During my attempts to understand the fearsomely difficult Part III course “Introduction to Category Theory” by PT Johnstone, I came across the monadicity of the power-set functor \(\mathbf{Sets} \to \mathbf{Sets}\). The monad is given by the triple \((\mathbb{P}, \eta_A: A \to \mathbb{P}(A), \mu_A: \mathbb{PP}(A) \to \mathbb{P}(A))\), where \(\eta_A: a \mapsto { a }\), and \(\mu_A\) is the union operator. So \(\mu_A({ {1, 2 }, {3} }) = {1,2,3 }\).

It’s easy enough to check that this is a monad. We have a theorem saying that every monad has an associated “Eilenberg-Moore” category - the category of algebras over that monad. What, then, is the E-M category for this monad?

Recall: an algebra over the monad is a pair \((A, \alpha)\) where \(A\) is a set and \(\alpha: \mathbb{P}(A) \to A\), such that the following two diagrams commute. (That is, \(\alpha\) here is an operation which takes a collection of elements of \(A\), and returns an element of \(A\).)

Power-set monad algebra diagram

Aha! The second diagram says that the operation \(\alpha\) is “massively associative”: however we group up terms and successively apply \(\alpha\) to them, we’ll come up with the same answer. Mathematica calls this attribute “Flat“ness, when applied to finite sets only.

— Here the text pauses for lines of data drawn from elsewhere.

(* Let $d,k\ge 1$, let $A\in\mathbb{R}^{k\times d}$ (a linear "style extractor"), let $y_1\in\mathbb{R}^k$ (reference style features), let $x_0\in\mathbb{R}^d$, let $0\le t_0<1$, let $\gamma>0$, and assume that $A^TA$ is invertible. Consider the deterministic optimal control problem $$\min_{u\in\mathcal{U}}\ \int_{t_0}^{1}\frac12\|u(X^u_t,t)\|^2\,dt+\frac{\gamma}{2}\|AX^u_1-y_1\|_2^2,\qquad\text{where } \mathrm{d}X^u_t=u(X^u_t,t)\,\mathrm{d}t,\quad X^u_{t_0}=x_0 .$$ Then, in the limit $\gamma\to\infty$, the optimal controller is $$u^*(x_t,t)=\frac{(A^TA)^{-1}A^T\,(y_1-Ax_t)}{1-t},$$ where $x_t$ denotes the current state $X^u_t$, which yields the controlled dynamic $$\mathrm{d}X^u_t=\frac{(A^TA)^{-1}A^T\,(y_1-AX^u_t)}{1-t}\,\mathrm{d}t .$$
   Context: $\mathcal{U}$ denotes the admissible set of (feedback) controllers $u:\mathbb{R}^d\times[0,1]\to\mathbb{R}^d$. For a controller $u$, $X^u_t\in\mathbb{R}^d$ is the state trajectory generated by the stated dynamics. The optimal controller is the minimizer of the stated cost (computed via the Hamilton–Jacobi–Bellman equation / minimum principle), and "in the limit $\gamma\to\infty$" refers to the limit of this optimal controller as the terminal-cost weight $\gamma$ tends to infinity. *)

theory Defs
  imports "HOL-Analysis.Analysis"
begin

definition is_trajectory ::
  "(real^'d \<Rightarrow> real \<Rightarrow> real^'d) \<Rightarrow> real \<Rightarrow> real^'d \<Rightarrow> (real \<Rightarrow> real^'d) \<Rightarrow> bool" where
  "is_trajectory u s x X \<longleftrightarrow> X s = x \<and>
     (\<forall>t\<in>{s..1}. (X has_vector_derivative u (X t) t) (at t within {s..1}))"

Moreover, it doesn’t matter what order we feed the elements in to \(\alpha\), since it works only on sets and not on ordered sets. So \(\alpha\) is effectively commutative. (Mathematica calls this “Orderless”.)

The first diagram says that \(\alpha\) applied to a singleton is just the contained element. Mathematica calls this attribute “OneIdentity”.

Finally, \(\alpha(a, a) = \alpha(a)\), because \(\alpha\) is implemented by looking at a set of inputs.

So what is an algebra over this monad? It’s a set equipped with an infinitarily-Flat, OneIdentity, commutative operation which ignores repeated arguments. If we forgot that “repeated arguments” requirement, we could use any finite set with any commutative monoid structure; the nonnegative reals with infinity, as a monoid, with addition; and so on. However, this way we’re reduced to monoids which have an operation such that \(a+a = a\). That’s not many monoids.

What operations do work this way? The Flatten-followed-by-Sort operation in Mathematica obeys this, if the underlying set \(A\) is a power-set of a well-ordered set. The union operation also works, if the underlying set is a complete poset - so the power-set example is subsumed in that.

Have we by some miracle got every algebra? If we have an arbitrary algebra \((A, \alpha)\), we want to define a complete poset which has \(\alpha\) acting as the union. So we need some ordering on \(A\); and if \(x \leq y\), we need \(\alpha({x, y}) = y\). That looks like a fair enough definition to me. It turns out that this definition just works.

So the Eilenberg-Moore category of the covariant power-set functor is just the category of complete posets.

(Subsequently, I looked up the definition of “complete poset”, and it turns out I mean “complete lattice”. I’ve already identified the need for unions of all sets to exist, so this is just a terminology issue. A complete poset only has sups of directed sequences. A complete lattice has all sups.)